The switching cost isn’t just about choosing a different AI model—it’s about abandoning weeks or months of personalized context that makes the assistant truly useful.

Extending the dynamic

  • Real‑estate search – A ChatGPT‑assisted property hunt accumulates context about your preferences, budget constraints, location priorities, and decision‑making patterns. Switching to a different AI assistant means starting that entire context‑building process from scratch.

From a competitive‑strategy perspective, this represents defensible differentiation through accumulated context rather than superior technology. Even if Anthropic or Google develops better foundational models, the friction of recreating established workflows and context within new platforms creates substantial user retention.

My prediction: Within 12 months we’ll see users who are technically aware that competitor models might perform better on specific tasks, but who remain locked into ChatGPT because their integrated workflows and accumulated context make switching prohibitively costly.

Implications for AI Strategy

For developers

  • The question is no longer just “which model is best?” but “which platform provides the most comprehensive development and deployment infrastructure?
  • OpenAI’s Agent Kit, combined with its API ecosystem, creates a compelling solution for teams that don’t require multi‑model flexibility.

For enterprises

  • Evaluation criteria expand beyond model performance to include integration depth, context persistence, and workflow continuity.
  • Companies need to assess whether OpenAI’s platform advantages outweigh the risks of single‑vendor dependency.
  • An AI‑readiness assessment for EU SMEs should now evaluate platform lock‑in risks alongside capability requirements.

For competitors

  • The strategic response can’t focus purely on model‑capability improvements.
  • Anthropic, Google, and other foundation‑model companies need platform strategies that provide comparable workflow integration and context persistence—or they risk becoming infrastructure providers for OpenAI’s platform.
  • Digital‑transformation strategy increasingly requires platform‑level thinking, not just model selection.

Historical Parallel

During the mobile platform wars, having a superior mobile operating system (e.g., Windows Mobile’s features) wasn’t sufficient to compete with iOS and Android’s ecosystem advantages and developer mindshare. A similar dynamic may be emerging in AI platforms.

OpenAI DevDay 2025 represents more than product announcements—it’s the first clear articulation of platform strategy in the post‑ChatGPT era. While the developer community debates whether Agent Kit threatens existing automation platforms, a more significant disruption may come from Apps in ChatGPT, creating new interaction paradigms and incurring switching costs.

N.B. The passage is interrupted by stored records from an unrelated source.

text \<open>
  Let \<open>B\<close> contain \<open>(SIP(L) + u) \<inter> \<nat>\<close>. Mild mixing yields a return time \<open>v \<in> N(U,V)\<close>
  with \<open>v - u \<in> SIP(L)\<close>. The open set \<open>W 0 = U \<inter> T^-v V\<close> is then shrunk along
  \<open>W (k+1) = W k \<inter> T^-(n k) (W k)\<close>, where mild mixing again supplies \<open>n k \<in> N(W k, W k)\<close>
  lying in the SIP set of a block of \<open>L\<close> above all earlier blocks. Finite sums of the \<open>n k\<close>
  are return times of a point of \<open>W N\<close> into \<open>W 0\<close>, so \<open>(SIP({n k}) + v) \<inter> \<nat> \<subseteq> N(U,V)\<close>;
  as the blocks are disjoint, the same translate lies in \<open>SIP(L) + u\<close>.

  The two sharp duals agree because the dual of gamma S is tilde-gamma of the dual of S.
  The nontrivial inclusion uses lacunary subsequences of \<open>L\<close>, whose SIP sets have no small
  nonzero elements, so that an SIP set can be translated without leaving \<open>\<nat>\<close>.
\<close>

section \<open>SIP sets\<close>

lemma IP_mono: "A \<subseteq> B \<Longrightarrow> IP A \<subseteq> IP B"
  unfolding IP_def by blast

lemma SIP_mono: "A \<subseteq> B \<Longrightarrow> SIP A \<subseteq> SIP B"
  unfolding SIP_def using IP_mono by blast

lemma SIP_iff:
  "x \<in> SIP A \<longleftrightarrow> (\<exists>F G. finite F \<and> finite G \<and> F \<subseteq> A \<and> G \<subseteq> A \<and> x = int (\<Sum>F) - int (\<Sum>G))"
  unfolding SIP_def IP_def by blast

lemma SIP_zero [simp]: "0 \<in> SIP A"
  unfolding SIP_iff by (rule exI[of _ "{}"], rule exI[of _ "{}"]) simp

lemma SIP_uminus: "x \<in> SIP A \<Longrightarrow> - x \<in> SIP A"
  unfolding SIP_iff by (elim exE conjE, intro exI conjI) (assumption | simp)+
(* Let $(b_n)_{n\ge 0}$ and $(p_{2n})_{n\ge 1}$ be sequences of non-negative integers, not all $p_{2n}$ zero, and let $$V(x)=\sum_{n=0}^\infty b_n x^n,\qquad U(x)=\sum_{n=1}^\infty p_{2n}x^n$$ have radii of convergence $x_V$ and $x_U$ respectively, where $0<x_U<x_V\le 1$ and $\lim_{x\to x_V^-}V(x)=\infty$. Write $U(x_U^-)=\lim_{x\to x_U^-}U(x)$ and $U'(x_U^-)=\lim_{x\to x_U^-}U'(x)$ (values in $(0,\infty]$). For $w\ge1$ let $x_c(w)$ be the radius of convergence in $x$ of $Z(x,w)=V(wx)/(1-U(x)V(wx))$, let $f(w)=-\log x_c(w)$, and let $\theta(w)=w\,f'(w)$ wherever $f$ is differentiable. (i) If $U(x_U^-)=\infty$ or $U(x_U^-)V(x_U)\ge 1$, the model has no phase transition at finite temperature, i.e. $f$ is real-analytic on $(1,\infty)$. (ii) Suppose $U(x_U^-)<\infty$ and $U(x_U^-)V(x_U)<1$, and let $w_c>1$ be defined by $U(x_U^-)V(w_cx_U)=1$. Then $\theta(w)=0$ for $1<w<w_c$ and $\theta(w)>0$ for $w>w_c$. If moreover $U'(x_U^-)=\infty$, then $\theta(w)\to0$ as $w\to w_c^+$ (a continuous phase transition at $w_c$); if $U'(x_U^-)<\infty$, then $\theta(w)\to\theta_c$ for some $\theta_c>0$ as $w\to w_c^+$ (a first order phase transition at $w_c$).
   Context: This is the Poland–Scheraga model of DNA denaturation: $b_n$ counts paths of length $n$, $p_{2n}$ counts marked loops of length $2n$, $w=e^{-E/kT}\ge1$ is a Boltzmann factor, $f$ is the free energy and $\theta(w)=w\,df/dw$ is the fraction of shared bonds. A phase transition at $w_c$ is called continuous if $\theta$ is continuous at $w_c$ (tends to $0$ from above) and first order if $\theta$ jumps at $w_c$. *)

theory Defs
  imports "HOL-Analysis.Analysis"
begin

definition real_analytic_on :: "(real \<Rightarrow> real) \<Rightarrow> real set \<Rightarrow> bool" where
  "real_analytic_on f S \<longleftrightarrow>
     (\<forall>x\<in>S. \<exists>r>0. \<exists>a::nat \<Rightarrow> real. \<forall>y. \<bar>y - x\<bar> < r \<longrightarrow> (\<lambda>n. a n * (y - x) ^ n) sums f y)"

text \<open>Coefficients of U: p n stands for p_{2n}, n >= 1; the constant term is 0.\<close>
definition U_coeff :: "(nat \<Rightarrow> nat) \<Rightarrow> nat \<Rightarrow> real" where
  "U_coeff p n = (if n = 0 then 0 else real (p n))"

definition PS_V :: "(nat \<Rightarrow> nat) \<Rightarrow> real \<Rightarrow> real" where
  "PS_V b x = (\<Sum>n. real (b n) * x ^ n)"

definition PS_U :: "(nat \<Rightarrow> nat) \<Rightarrow> real \<Rightarrow> real" where
  "PS_U p x = (\<Sum>n. U_coeff p n * x ^ n)"
(* Let $r=1$ with single input node $q$ (so $\Pi=\mathbf e_q$), $G\ge0$ entrywise, $\overline\lambda(G)<1$, $\sigma_v^2>0$, and let $(\mathcal S,\{j\},\mathcal P)$ be a node cutset partition with singleton cutset $\{j\}$. Let $\widetilde G=[G_{pp}\ G_{pc}]$. If every row sum of $\widetilde G$ is at most $1$, then for every $j_1\in\mathcal P$: $\mathbb P_{e_m}(j)\le\mathbb P_{e_m}(j_1)$ and $\mathbb P_{e_v}(j)\le\mathbb P_{e_v}(j_1)$. If every row sum of $\widetilde G$ is greater than $1$, then for every $j_1\in\mathcal P$: $\mathbb P_{e_m}(j)\ge\mathbb P_{e_m}(j_1)$ and $\mathbb P_{e_v}(j)\ge\mathbb P_{e_v}(j_1)$.
   Context: $G=[g_{ij}]\in\mathbb R^{n\times n}$. For a single sensor node $l$, $T_l(z)=\mathbf e_l^T(zI-G)^{-1}\mathbf e_q$ (scalar), $\|T_l\|_\infty=\sup_{|z|=1}|T_l(z)|$. The scalar input under $H_i$ has law $\mathcal N(\mu_i,\sigma_i^2)$; $N\in\mathbb N$. Mean shift ($\sigma_1^2=\sigma_2^2=\sigma_c^2>0$, $\mu_\Delta=\mu_2-\mu_1$): $\eta_s(l)^2=N\mu_\Delta^2|T_l(1)|^2/(\sigma_c^2|T_l(1)|^2+\sigma_v^2)$ and $\mathbb P_{e_m}(l)=Q_{\mathcal N}(\eta_s(l)/2)$. Covariance shift ($\mu_1=\mu_2$, $\sigma_1^2>\sigma_2^2\ge0$): $R_s(l)=(\sigma_1^2\|T_l\|_\infty^2+\sigma_v^2)/(\sigma_2^2\|T_l\|_\infty^2+\sigma_v^2)$, $\tau(R)=\ln R/(R-1)$ for $R>1$, $\tau(1)=1$, $\mathbb P_{e_v}(l)=\tfrac12[1-Q_{\chi^2}(1,\tau(R_s(l)))]+\tfrac12Q_{\chi^2}(1,\tau(R_s(l))R_s(l))$. $Q_{\mathcal N}(t)=\Pr[Z\ge t]$, $Z\sim\mathcal N(0,1)$; $Q_{\chi^2}(1,t)=\Pr[Y\ge t]$, $Y\sim\chi^2(1)$. Node cutset: a partition $\{1,\dots,n\}=\mathcal S\sqcup\mathcal C\sqcup\mathcal P$ into nonempty sets with the input node $q\in\mathcal S$, $\mathrm{dist}(\{q\},\mathcal C)\ge d$ for some $d\ge1$ (graph distance in the digraph with edges $\{(i,j):g_{ij}\ne0\}$), and $g_{ij}=g_{ji}=0$ for all $i\in\mathcal P$, $j\in\mathcal S$. $G_{pp}$, $G_{pc}$ are the submatrices of $G$ with rows in $\mathcal P$ and columns in $\mathcal P$, resp. $\mathcal C$. $\overline\lambda$ is spectral radius. *)

theory Defs
  imports "HOL-Analysis.Analysis" "HOL-Probability.Probability"
begin

(* Nodes are the elements of a finite type 'n; G :: real^'n^'n with G $ i $ k = g_ik. *)

definition cmat :: "real^'n^'n \<Rightarrow> complex^'n^'n" where
  "cmat G = (\<chi> i k. complex_of_real (G $ i $ k))"

definition spectral_radius :: "real^'n^'n \<Rightarrow> real" where
  "spectral_radius G =
     Sup {cmod lam | lam. \<exists>v::complex^'n. v \<noteq> 0 \<and> cmat G *v v = lam *s v}"

definition transfer :: "real^'n^'n \<Rightarrow> 'n \<Rightarrow> 'n \<Rightarrow> complex \<Rightarrow> complex" where
  "transfer G q l z = matrix_inv (mat z - cmat G) $ l $ q"

definition hinf_norm :: "(complex \<Rightarrow> complex) \<Rightarrow> real" where
  "hinf_norm T = Sup {cmod (T z) | z. cmod z = 1}"

definition std_normal :: "real measure" where
  "std_normal = density lborel std_normal_density"

definition Q_N :: "real \<Rightarrow> real" where
  "Q_N t = measure std_normal {t..}"

(* Q_chi2(1,t) = Pr[Y >= t], Y = Z^2 ~ chi^2(1) *)
definition Q_chi2_1 :: "real \<Rightarrow> real" where
  "Q_chi2_1 t = measure std_normal {x. x\<^sup>2 \<ge> t}"

(* mean shift: sc2 = sigma_c^2, sv2 = sigma_v^2, mu_delta = mu_2 - mu_1 *)
definition eta_s :: "real^'n^'n \<Rightarrow> 'n \<Rightarrow> nat \<Rightarrow> real \<Rightarrow> real \<Rightarrow> real \<Rightarrow> 'n \<Rightarrow> real" where
  "eta_s G q N mu_delta sc2 sv2 l =
     sqrt (real N * mu_delta\<^sup>2 * (cmod (transfer G q l 1))\<^sup>2 /
           (sc2 * (cmod (transfer G q l 1))\<^sup>2 + sv2))"

definition P_em :: "real^'n^'n \<Rightarrow> 'n \<Rightarrow> nat \<Rightarrow> real \<Rightarrow> real \<Rightarrow> real \<Rightarrow> 'n \<Rightarrow> real" where
  "P_em G q N mu_delta sc2 sv2 l = Q_N (eta_s G q N mu_delta sc2 sv2 l / 2)"

(* covariance shift: s1 = sigma_1^2, s2 = sigma_2^2 *)
definition R_s :: "real^'n^'n \<Rightarrow> 'n \<Rightarrow> real \<Rightarrow> real \<Rightarrow> real \<Rightarrow> 'n \<Rightarrow> real" where
  "R_s G q s1 s2 sv2 l =
     (s1 * (hinf_norm (transfer G q l))\<^sup>2 + sv2) / (s2 * (hinf_norm (transfer G q l))\<^sup>2 + sv2)"

definition tau :: "real \<Rightarrow> real" where
  "tau R = (if R = 1 then 1 else ln R / (R - 1))"

definition P_ev :: "real^'n^'n \<Rightarrow> 'n \<Rightarrow> real \<Rightarrow> real \<Rightarrow> real \<Rightarrow> 'n \<Rightarrow> real" where
  "P_ev G q s1 s2 sv2 l =
     (let R = R_s G q s1 s2 sv2 l in
      1/2 * (1 - Q_chi2_1 (tau R)) + 1/2 * Q_chi2_1 (tau R * R))"

definition edges :: "real^'n^'n \<Rightarrow> ('n \<times> 'n) set" where
  "edges G = {(i,k). G $ i $ k \<noteq> 0}"

definition dist_ge :: "real^'n^'n \<Rightarrow> 'n \<Rightarrow> 'n set \<Rightarrow> nat \<Rightarrow> bool" where
  "dist_ge G q C d = (\<forall>k<d. \<forall>c\<in>C. (q, c) \<notin> edges G ^^ k)"

definition node_cutset :: "real^'n^'n \<Rightarrow> 'n \<Rightarrow> 'n set \<Rightarrow> 'n set \<Rightarrow> 'n set \<Rightarrow> bool" where
  "node_cutset G q S C P =
     (S \<noteq> {} \<and> C \<noteq> {} \<and> P \<noteq> {} \<and>
      S \<inter> C = {} \<and> S \<inter> P = {} \<and> C \<inter> P = {} \<and> S \<union> C \<union> P = UNIV \<and>
      q \<in> S \<and> (\<exists>d\<ge>1. dist_ge G q C d) \<and>
      (\<forall>i\<in>P. \<forall>k\<in>S. G $ i $ k = 0 \<and> G $ k $ i = 0))"

end

theory Submission
  imports Defs
begin

text \<open>Both error probabilities are decreasing functions of the DC gain \<open>T\<^sub>l(1)\<close>: for \<open>G \<ge> 0\<close>
  of spectral radius below 1, the vector \<open>r = T(1)\<close> is real and nonnegative and dominates
  \<open>|T(z)|\<close> on the unit circle, so also \<open>\<parallel>T\<^sub>l\<parallel>\<^sub>\<infinity> = r\<^sub>l\<close>. It therefore suffices to compare \<open>r\<^sub>j\<close>
  with \<open>r\<^sub>j\<^sub>1\<close>. On the far side \<open>P\<close> of the cutset, \<open>r\<^sub>i = (\<Sum>k\<in>P. g\<^sub>i\<^sub>k r\<^sub>k) + g\<^sub>i\<^sub>j r\<^sub>j\<close>, so if the row
  sums of \<open>[G\<^sub>p\<^sub>p G\<^sub>p\<^sub>c]\<close> are at most 1, then \<open>r - r\<^sub>j\<close> is a subsolution of \<open>x = G\<^sub>p\<^sub>p x\<close> on \<open>P\<close>
  (and \<open>r\<^sub>j - r\<close> is one if they exceed 1). A maximum principle, which is where the spectral
  radius enters through a Brouwer fixed point argument, makes such subsolutions nonpositive.\<close>

section \<open>Nonnegative matrices of spectral radius below one\<close>

lemma eigenvalue_norm_le_entry_sum:
  fixes G :: "real^'n^'n"
  assumes v: "v \<noteq> 0" and ev: "cmat G *v v = lam *s v"
  shows "cmod lam \<le> (\<Sum>i\<in>UNIV. \<Sum>k\<in>UNIV. \<bar>G$i$k\<bar>)"
proof -
  define m where "m = Max (range (\<lambda>i. cmod (v$i)))"
  have "m \<in> range (\<lambda>i. cmod (v$i))" unfolding m_def by (rule Max_in) auto
  then obtain l where l: "cmod (v$l) = m" by auto
  have m_ge: "cmod (v$k) \<le> m" for k unfolding m_def by (rule Max_ge) auto
  have "m > 0"
  proof (rule ccontr)
    assume "\<not> m > 0"
    then have "v$k = 0" for k using m_ge[of k] by (meson norm_le_zero_iff not_less order_trans)
    then show False using v by (simp add: vec_eq_iff)
  qed
  have "cmod lam * m = cmod (\<Sum>k\<in>UNIV. complex_of_real (G$l$k) * v$k)"
    using ev[THEN arg_cong[where f="\<lambda>x. x$l"]] l
    by (simp add: matrix_vector_mult_def cmat_def norm_mult)
  also have "\<dots> \<le> (\<Sum>k\<in>UNIV. \<bar>G$l$k\<bar> * cmod (v$k))"
    using norm_sum[of "\<lambda>k. complex_of_real (G$l$k) * v$k" UNIV] by (simp add: norm_mult)
  also have "\<dots> \<le> (\<Sum>k\<in>UNIV. \<bar>G$l$k\<bar>) * m"
    unfolding sum_distrib_right by (intro sum_mono mult_left_mono m_ge) simp
  finally have "cmod lam \<le> (\<Sum>k\<in>UNIV. \<bar>G$l$k\<bar>)"
    using \<open>m > 0\<close> by (rule mult_right_le_imp_le)
  also have "\<dots> \<le> (\<Sum>i\<in>UNIV. \<Sum>k\<in>UNIV. \<bar>G$i$k\<bar>)"
    by (rule member_le_sum) (auto intro: sum_nonneg)
  finally show ?thesis .
qed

Strategic Takeaway for Business Leaders

We’re entering a phase where AI competitive advantage comes not just from model capabilities, but from platform integration depth and accumulated context. Organizations developing AI strategies must assess both immediate functionality and long‑term implications of platform lock‑in. This requires executive AI advisory that goes beyond tool selection to platform‑architecture decisions.

  • Developers & founders: The agent‑building space remains competitive and viable, especially for teams that prioritize model flexibility and avoid vendor lock‑in. However, the bar for user experience and integration depth has been raised significantly. Workflow automation design now requires platform‑level thinking.
  • Broader industry trend: We’re transitioning from AI as a capability to AI as an interface layer. The companies that win won’t necessarily have the best models—they’ll have the most seamless integration between AI intelligence and daily workflows. This shift demands AI automation consulting that addresses platform strategy.

, not just implementation tactics.

Written by Dr. Hernani Costa and originally published at First AI Movers.

Subscribe to the First AI Movers Newsletter for daily, no‑fluff AI business insights, practical and compliant AI playbooks for EU SME leaders. First AI Movers is part of Core Ventures.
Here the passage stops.